(* Let $L:\mathbb{R}^k\to\mathbb{R}^{m+1}$ be a linear map such that $t(L)<t(L_{[m]})$. Then \[ t(L)\leq \max\left\{ \tfrac34\, t(L_{[m]}),\ t(L_{[m]})-2^{k-s-1}\right\},\] where $s=|S(L_{[m]})|$.
   Context: $\mathbb{H}^n=\{0,1\}^n$, $e_1,\dots,e_k$ the standard basis of $\mathbb{R}^k$. For a linear map $L:\mathbb{R}^k\to\mathbb{R}^n$, $t(L)=|L^{-1}(\mathbb{H}^n)\cap\mathbb{H}^k|$ and $S(L)=\{i\in[k]:L(e_i)\neq0\}$. For $A\subseteq[m+1]$, $L_A=\pi_A\circ L:\mathbb{R}^k\to\mathbb{R}^{|A|}$, where $\pi_A$ is the projection onto the coordinates in $A$; in particular $L_{[m]}$ consists of the first $m$ coordinates of $L$. *)

theory Defs
  imports "HOL-Analysis.Analysis"
begin

text \<open>A linear map L : R^k -> R^n is represented by its matrix
  L :: nat => nat => real, entry L i j for row i < n and column j < k.
  Points of R^k are functions nat => real, only coordinates j < k matter.\<close>

definition hcube :: "nat \<Rightarrow> (nat \<Rightarrow> real) set" where
  "hcube k = ({..<k} \<rightarrow>\<^sub>E {0, 1})"

definition lin_apply :: "(nat \<Rightarrow> nat \<Rightarrow> real) \<Rightarrow> nat \<Rightarrow> (nat \<Rightarrow> real) \<Rightarrow> nat \<Rightarrow> real" where
  "lin_apply L k x i = (\<Sum>j<k. L i j * x j)"

text \<open>t(L) for L : R^k -> R^n (only rows i < n are used): number of points of
  the k-cube mapped into the n-cube. Taking n = m gives t(L_[m]).\<close>
definition tcount :: "(nat \<Rightarrow> nat \<Rightarrow> real) \<Rightarrow> nat \<Rightarrow> nat \<Rightarrow> nat" where
  "tcount L k n = card {x \<in> hcube k. \<forall>i<n. lin_apply L k x i \<in> {0, 1}}"

definition supp_set :: "(nat \<Rightarrow> nat \<Rightarrow> real) \<Rightarrow> nat \<Rightarrow> nat \<Rightarrow> nat set" where
  "supp_set L k n = {j. j < k \<and> (\<exists>i<n. L i j \<noteq> 0)}"

end

theory Submission
  imports Defs
begin

text \<open>Let \<open>A\<close> be the set of cube points solving the first \<open>m\<close> rows and \<open>D \<subseteq> A\<close> those
  failing row \<open>m\<close>, so that \<open>t(L) = |A| - |D|\<close> and \<open>D \<noteq> {}\<close>. Flipping a coordinate outside
  \<open>S(L\<^sub>[\<^sub>m\<^sub>])\<close> keeps a point in \<open>A\<close>. If two such coordinates \<open>j\<^sub>1 \<noteq> j\<^sub>2\<close> have nonzero entries
  in row \<open>m\<close>, the values \<open>u, u + d\<^sub>1, u + d\<^sub>2, u + d\<^sub>1 + d\<^sub>2\<close> (\<open>d\<^sub>1, d\<^sub>2 \<noteq> 0\<close>) of row \<open>m\<close> on an
  orbit of the two flips cannot all lie in \<open>{0, 1}\<close>, so \<open>|A| \<le> 4 |D|\<close>. Otherwise at least \<open>k - s - 1\<close> coordinates do
  not occur in any of the rows \<open>0, \<dots>, m\<close>; varying them freely in a point of \<open>D\<close> gives
  \<open>|D| \<ge> 2\<^sup>k\<^sup>-\<^sup>s\<^sup>-\<^sup>1\<close>.\<close>

definition cube_solutions :: "(nat \<Rightarrow> nat \<Rightarrow> real) \<Rightarrow> nat \<Rightarrow> nat \<Rightarrow> (nat \<Rightarrow> real) set" where
  "cube_solutions L k n = {x \<in> hcube k. \<forall>i<n. lin_apply L k x i \<in> {0, 1}}"

definition flip_coord :: "nat \<Rightarrow> (nat \<Rightarrow> real) \<Rightarrow> nat \<Rightarrow> real" where
  "flip_coord j x = x(j := 1 - x j)"

lemma tcount_eq_card_cube_solutions: "tcount L k n = card (cube_solutions L k n)"
  unfolding tcount_def cube_solutions_def ..

lemma finite_hcube: "finite (hcube k)"
  unfolding hcube_def by (auto intro: finite_PiE)

lemma hcube_coord: "x \<in> hcube k \<Longrightarrow> j < k \<Longrightarrow> x j = 0 \<or> x j = 1"
  unfolding hcube_def by auto

lemma finite_cube_solutions: "finite (cube_solutions L k n)"
  unfolding cube_solutions_def using finite_hcube by auto

lemma cube_solutions_Suc:
  "cube_solutions L k (Suc n) = {x \<in> cube_solutions L k n. lin_apply L k x n \<in> {0, 1}}"
  unfolding cube_solutions_def by (auto simp: less_Suc_eq)

lemma cube_solutions_Suc_subset: "cube_solutions L k (Suc n) \<subseteq> cube_solutions L k n"
  by (auto simp: cube_solutions_Suc)

lemma card_cube_solutions_eq_Suc_add_failures:
  "card (cube_solutions L k n)
     = card (cube_solutions L k (Suc n)) + card (cube_solutions L k n - cube_solutions L k (Suc n))"
  using cube_solutions_Suc_subset finite_cube_solutions
  by (metis card_Diff_subset card_mono le_add_diff_inverse)

lemma not_in_supp_set: "j < k \<Longrightarrow> j \<notin> supp_set L k m \<Longrightarrow> i < m \<Longrightarrow> L i j = 0"
  unfolding supp_set_def by auto

lemma flip_coord_flip_coord [simp]: "flip_coord j (flip_coord j x) = x"
  unfolding flip_coord_def by auto

lemma flip_coord_other [simp]: "j' \<noteq> j \<Longrightarrow> flip_coord j x j' = x j'"
  unfolding flip_coord_def by simp

lemma flip_coord_in_hcube: "x \<in> hcube k \<Longrightarrow> j < k \<Longrightarrow> flip_coord j x \<in> hcube k"
  unfolding hcube_def flip_coord_def by (auto simp: PiE_iff extensional_def)

lemma lin_apply_flip_coord:
  assumes "j < k"
  shows "lin_apply L k (flip_coord j x) i = lin_apply L k x i + L i j * (1 - 2 * x j)"
proof -
  have "lin_apply L k (flip_coord j x) i
        = (\<Sum>l<k. L i l * x l + (if l = j then L i j * (1 - 2 * x j) else 0))"
    unfolding lin_apply_def flip_coord_def by (rule sum.cong) (auto simp: algebra_simps)
  also have "\<dots> = lin_apply L k x i + L i j * (1 - 2 * x j)"
    using assms by (simp add: sum.distrib lin_apply_def)
  finally show ?thesis .
qed

lemma flip_coord_in_cube_solutions:
  assumes "x \<in> cube_solutions L k m" "j < k" "j \<notin> supp_set L k m"
  shows "flip_coord j x \<in> cube_solutions L k m"
  using assms flip_coord_in_hcube lin_apply_flip_coord not_in_supp_set[OF assms(2,3)]
  unfolding cube_solutions_def by simp

text \<open>If \<open>u\<close>, \<open>u + d\<^sub>1\<close>, \<open>u + d\<^sub>2\<close> all lie in \<open>{0, 1}\<close>, then \<open>d\<^sub>1 = d\<^sub>2 = 1 - 2u\<close>, and
  \<open>u + d\<^sub>1 + d\<^sub>2 = 2 - 3u\<close> is \<open>2\<close> or \<open>-1\<close>.\<close>
lemma not_all_binary_corners:
  fixes u d\<^sub>1 d\<^sub>2 :: real
  assumes "d\<^sub>1 \<noteq> 0" "d\<^sub>2 \<noteq> 0" "u \<in> {0, 1}" "u + d\<^sub>1 \<in> {0, 1}" "u + d\<^sub>2 \<in> {0, 1}"
  shows "u + d\<^sub>1 + d\<^sub>2 \<notin> {0, 1}"
  using assms by auto

lemma card_le_4_card_if_cover:
  assumes "finite D" "A \<subseteq> D \<union> f ` D \<union> g ` D \<union> h ` D"
  shows "card A \<le> 4 * card D"
proof -
  have "card A \<le> card (D \<union> f ` D \<union> g ` D \<union> h ` D)"
    using assms by (intro card_mono) auto
  also have "\<dots> \<le> card D + card (f ` D) + card (g ` D) + card (h ` D)"
    by (meson add_le_mono card_Un_le dual_order.trans le_refl)
  also have "\<dots> \<le> 4 * card D"
    using card_image_le[OF assms(1), of f] card_image_le[OF assms(1), of g]
      card_image_le[OF assms(1), of h] by linarith
  finally show ?thesis .
qed

lemma card_cube_solutions_le_4_card_failures:
  assumes "j\<^sub>1 \<noteq> j\<^sub>2" "j\<^sub>1 < k" "j\<^sub>2 < k"
    and "j\<^sub>1 \<notin> supp_set L k m" "j\<^sub>2 \<notin> supp_set L k m"
    and "L m j\<^sub>1 \<noteq> 0" "L m j\<^sub>2 \<noteq> 0"
  shows "card (cube_solutions L k m) \<le> 4 * card (cube_solutions L k m - cube_solutions L k (Suc m))"
proof (rule card_le_4_card_if_cover)
  let ?A = "cube_solutions L k m"
  let ?D = "cube_solutions L k m - cube_solutions L k (Suc m)"
  let ?f\<^sub>1 = "flip_coord j\<^sub>1" and ?f\<^sub>2 = "flip_coord j\<^sub>2"
  show "finite ?D"
    using finite_cube_solutions by blast
  show "?A \<subseteq> ?D \<union> ?f\<^sub>1 ` ?D \<union> ?f\<^sub>2 ` ?D \<union> (?f\<^sub>2 \<circ> ?f\<^sub>1) ` ?D"
  proof
    fix x assume x: "x \<in> ?A"
    then have "x \<in> hcube k"
      by (simp add: cube_solutions_def)
    define u where "u = lin_apply L k x m"
    define d\<^sub>1 where "d\<^sub>1 = L m j\<^sub>1 * (1 - 2 * x j\<^sub>1)"
    define d\<^sub>2 where "d\<^sub>2 = L m j\<^sub>2 * (1 - 2 * x j\<^sub>2)"
    have "d\<^sub>1 \<noteq> 0" "d\<^sub>2 \<noteq> 0"
      using assms hcube_coord[OF \<open>x \<in> hcube k\<close>, of j\<^sub>1] hcube_coord[OF \<open>x \<in> hcube k\<close>, of j\<^sub>2]
      by (auto simp: d\<^sub>1_def d\<^sub>2_def)
    moreover have "lin_apply L k (?f\<^sub>1 x) m = u + d\<^sub>1" "lin_apply L k (?f\<^sub>2 x) m = u + d\<^sub>2"
        "lin_apply L k (?f\<^sub>1 (?f\<^sub>2 x)) m = u + d\<^sub>1 + d\<^sub>2"
      using assms lin_apply_flip_coord by (simp_all add: u_def d\<^sub>1_def d\<^sub>2_def)
    ultimately have "\<not> (\<forall>y \<in> {x, ?f\<^sub>1 x, ?f\<^sub>2 x, ?f\<^sub>1 (?f\<^sub>2 x)}. lin_apply L k y m \<in> {0, 1})"
      using not_all_binary_corners[of d\<^sub>1 d\<^sub>2 u] by (simp only: ball_simps u_def) blast
    moreover have "{x, ?f\<^sub>1 x, ?f\<^sub>2 x, ?f\<^sub>1 (?f\<^sub>2 x)} \<subseteq> ?A"
      using x assms flip_coord_in_cube_solutions by simp
    ultimately consider "x \<in> ?D" | "?f\<^sub>1 x \<in> ?D" | "?f\<^sub>2 x \<in> ?D" | "?f\<^sub>1 (?f\<^sub>2 x) \<in> ?D"
      unfolding cube_solutions_Suc by blast
    then show "x \<in> ?D \<union> ?f\<^sub>1 ` ?D \<union> ?f\<^sub>2 ` ?D \<union> (?f\<^sub>2 \<circ> ?f\<^sub>1) ` ?D"
    proof cases
      case 1
      then show ?thesis by blast
    next
      case 2
      then have "x \<in> ?f\<^sub>1 ` ?D"
        by (rule image_eqI[rotated]) simp
      then show ?thesis by blast
    next
      case 3
      then have "x \<in> ?f\<^sub>2 ` ?D"
        by (rule image_eqI[rotated]) simp
      then show ?thesis by blast
    next
      case 4
      then have "x \<in> (?f\<^sub>2 \<circ> ?f\<^sub>1) ` ?D"
        by (rule image_eqI[rotated]) simp
      then show ?thesis by blast
    qed
  qed
qed

lemma two_pow_card_le_card_failures:
  assumes x\<^sub>0: "x\<^sub>0 \<in> cube_solutions L k m - cube_solutions L k (Suc m)"
    and R: "R \<subseteq> {..<k}" "\<And>i j. i \<le> m \<Longrightarrow> j \<in> R \<Longrightarrow> L i j = 0"
  shows "2 ^ card R \<le> card (cube_solutions L k m - cube_solutions L k (Suc m))"
proof -
  let ?D = "cube_solutions L k m - cube_solutions L k (Suc m)"
  define \<phi> where "\<phi> z = (\<lambda>j. if j \<in> R then z j else x\<^sub>0 j)" for z :: "nat \<Rightarrow> real"
  have lin_apply_\<phi>: "lin_apply L k (\<phi> z) i = lin_apply L k x\<^sub>0 i" if "i \<le> m" for z i
    unfolding lin_apply_def \<phi>_def using R(2)[OF that] by (intro sum.cong) auto
  have "x\<^sub>0 \<in> cube_solutions L k m" "lin_apply L k x\<^sub>0 m \<notin> {0, 1}"
    using x\<^sub>0 by (auto simp: cube_solutions_Suc)
  then have "x\<^sub>0 \<in> hcube k" "\<forall>i<m. lin_apply L k x\<^sub>0 i \<in> {0, 1}" "lin_apply L k x\<^sub>0 m \<notin> {0, 1}"
    by (simp_all add: cube_solutions_def)
  moreover have "\<phi> z \<in> hcube k" if "z \<in> R \<rightarrow>\<^sub>E {0, 1}" for z
    using that R(1) \<open>x\<^sub>0 \<in> hcube k\<close> unfolding hcube_def \<phi>_def by (auto simp: PiE_iff extensional_def)
  ultimately have "\<phi> ` (R \<rightarrow>\<^sub>E {0, 1}) \<subseteq> ?D"
    using lin_apply_\<phi> by (auto simp: cube_solutions_Suc cube_solutions_def)
  moreover have "inj_on \<phi> (R \<rightarrow>\<^sub>E {0, 1})"
  proof (rule inj_onI)
    fix z z' assume z: "z \<in> R \<rightarrow>\<^sub>E {0, 1}" and z': "z' \<in> R \<rightarrow>\<^sub>E {0, 1}" and "\<phi> z = \<phi> z'"
    show "z = z'"
    proof (rule PiE_ext[OF z z'])
      fix j assume "j \<in> R"
      then show "z j = z' j"
        using fun_cong[OF \<open>\<phi> z = \<phi> z'\<close>, of j] by (simp add: \<phi>_def)
    qed
  qed
  moreover have "finite R"
    using R(1) finite_subset by blast
  ultimately have "card (R \<rightarrow>\<^sub>E ({0, 1} :: real set)) \<le> card ?D"
    using finite_cube_solutions by (intro card_inj_on_le) auto
  then show ?thesis
    using \<open>finite R\<close> by (simp add: card_PiE numeral_2_eq_2)
qed

lemma card_columns_outside_supp_set:
  "card {j. j < k \<and> j \<notin> supp_set L k m \<and> L m j = 0}
     + card {j. j < k \<and> j \<notin> supp_set L k m \<and> L m j \<noteq> 0} = k - card (supp_set L k m)"
proof -
  have "supp_set L k m \<subseteq> {..<k}"
    unfolding supp_set_def by auto
  then have "k - card (supp_set L k m) = card ({..<k} - supp_set L k m)"
    by (simp add: card_Diff_subset finite_subset)
  also have "{..<k} - supp_set L k m
      = {j. j < k \<and> j \<notin> supp_set L k m \<and> L m j = 0} \<union> {j. j < k \<and> j \<notin> supp_set L k m \<and> L m j \<noteq> 0}"
    by auto
  also have "card \<dots> = card {j. j < k \<and> j \<notin> supp_set L k m \<and> L m j = 0}
      + card {j. j < k \<and> j \<notin> supp_set L k m \<and> L m j \<noteq> 0}"
    by (rule card_Un_disjoint) auto
  finally show ?thesis ..
qed

lemma card_cube_solutions_Suc_le_three_quarters:
  assumes "j\<^sub>1 \<noteq> j\<^sub>2" "j\<^sub>1 < k" "j\<^sub>2 < k"
    and "j\<^sub>1 \<notin> supp_set L k m" "j\<^sub>2 \<notin> supp_set L k m"
    and "L m j\<^sub>1 \<noteq> 0" "L m j\<^sub>2 \<noteq> 0"
  shows "real (card (cube_solutions L k (Suc m))) \<le> 3 / 4 * real (card (cube_solutions L k m))"
proof -
  have "real (4 * card (cube_solutions L k (Suc m))) \<le> real (3 * card (cube_solutions L k m))"
    unfolding of_nat_le_iff
    using card_cube_solutions_le_4_card_failures[OF assms]
      card_cube_solutions_eq_Suc_add_failures[of L k m] by linarith
  then show ?thesis
    by simp
qed

lemma card_cube_solutions_Suc_le_diff_two_powr:
  assumes "cube_solutions L k (Suc m) \<subset> cube_solutions L k m"
    and "card {j. j < k \<and> j \<notin> supp_set L k m \<and> L m j \<noteq> 0} \<le> 1"
  shows "real (card (cube_solutions L k (Suc m)))
           \<le> real (card (cube_solutions L k m)) - 2 powr (real k - real (card (supp_set L k m)) - 1)"
proof -
  let ?A = "cube_solutions L k m" and ?B = "cube_solutions L k (Suc m)"
  let ?R = "{j. j < k \<and> j \<notin> supp_set L k m \<and> L m j = 0}"
  obtain x\<^sub>0 where "x\<^sub>0 \<in> ?A - ?B"
    using assms(1) by blast
  then have "2 ^ card ?R \<le> card (?A - ?B)"
    using not_in_supp_set by (intro two_pow_card_le_card_failures) (auto simp: le_less)
  then have "(2::real) ^ card ?R \<le> card (?A - ?B)"
    by (metis of_nat_le_iff of_nat_numeral of_nat_power)
  moreover have "real k - real (card (supp_set L k m)) - 1 \<le> card ?R"
    using assms(2) card_columns_outside_supp_set[of k L m] by linarith
  then have "2 powr (real k - real (card (supp_set L k m)) - 1) \<le> 2 ^ card ?R"
    by (metis powr_mono powr_realpow one_le_numeral zero_less_numeral)
  ultimately show ?thesis
    unfolding card_cube_solutions_eq_Suc_add_failures[of L k m] of_nat_add by linarith
qed

theorem lemma4p2:
  fixes L :: "nat \<Rightarrow> nat \<Rightarrow> real" and k m :: nat
  assumes "tcount L k (m + 1) < tcount L k m"
  shows "real (tcount L k (m + 1))
           \<le> max (3 / 4 * real (tcount L k m))
                   (real (tcount L k m) - 2 powr (real k - real (card (supp_set L k m)) - 1))"
proof -
  let ?N = "{j. j < k \<and> j \<notin> supp_set L k m \<and> L m j \<noteq> 0}"
  have "cube_solutions L k (Suc m) \<subset> cube_solutions L k m"
    using assms cube_solutions_Suc_subset by (auto simp: tcount_eq_card_cube_solutions)
  show ?thesis
  proof (cases "card ?N \<le> 1")
    case True
    then show ?thesis
      using card_cube_solutions_Suc_le_diff_two_powr[OF \<open>_ \<subset> _\<close>]
      by (simp add: tcount_eq_card_cube_solutions max.coboundedI2)
  next
    case False
    then obtain j\<^sub>1 j\<^sub>2 where "j\<^sub>1 \<in> ?N" "j\<^sub>2 \<in> ?N" "j\<^sub>1 \<noteq> j\<^sub>2"
      using card_le_Suc0_iff_eq[of ?N] by auto
    then show ?thesis
      using card_cube_solutions_Suc_le_three_quarters[of j\<^sub>1 j\<^sub>2 k L m]
      by (simp add: tcount_eq_card_cube_solutions max.coboundedI1)
  qed
qed

end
____
**Work instructions**
Looking at the data above, return every line from the one with "coordinates of $L$. *)" down to the one with "the k-cube mapped", exactly and inclusively.

**Solution**
   Context: $\mathbb{H}^n=\{0,1\}^n$, $e_1,\dots,e_k$ the standard basis of $\mathbb{R}^k$. For a linear map $L:\mathbb{R}^k\to\mathbb{R}^n$, $t(L)=|L^{-1}(\mathbb{H}^n)\cap\mathbb{H}^k|$ and $S(L)=\{i\in[k]:L(e_i)\neq0\}$. For $A\subseteq[m+1]$, $L_A=\pi_A\circ L:\mathbb{R}^k\to\mathbb{R}^{|A|}$, where $\pi_A$ is the projection onto the coordinates in $A$; in particular $L_{[m]}$ consists of the first $m$ coordinates of $L$. *)

theory Defs
  imports "HOL-Analysis.Analysis"
begin

text \<open>A linear map L : R^k -> R^n is represented by its matrix
  L :: nat => nat => real, entry L i j for row i < n and column j < k.
  Points of R^k are functions nat => real, only coordinates j < k matter.\<close>

definition hcube :: "nat \<Rightarrow> (nat \<Rightarrow> real) set" where
  "hcube k = ({..<k} \<rightarrow>\<^sub>E {0, 1})"

definition lin_apply :: "(nat \<Rightarrow> nat \<Rightarrow> real) \<Rightarrow> nat \<Rightarrow> (nat \<Rightarrow> real) \<Rightarrow> nat \<Rightarrow> real" where
  "lin_apply L k x i = (\<Sum>j<k. L i j * x j)"

text \<open>t(L) for L : R^k -> R^n (only rows i < n are used): number of points of
  the k-cube mapped into the n-cube. Taking n = m gives t(L_[m]).\<close>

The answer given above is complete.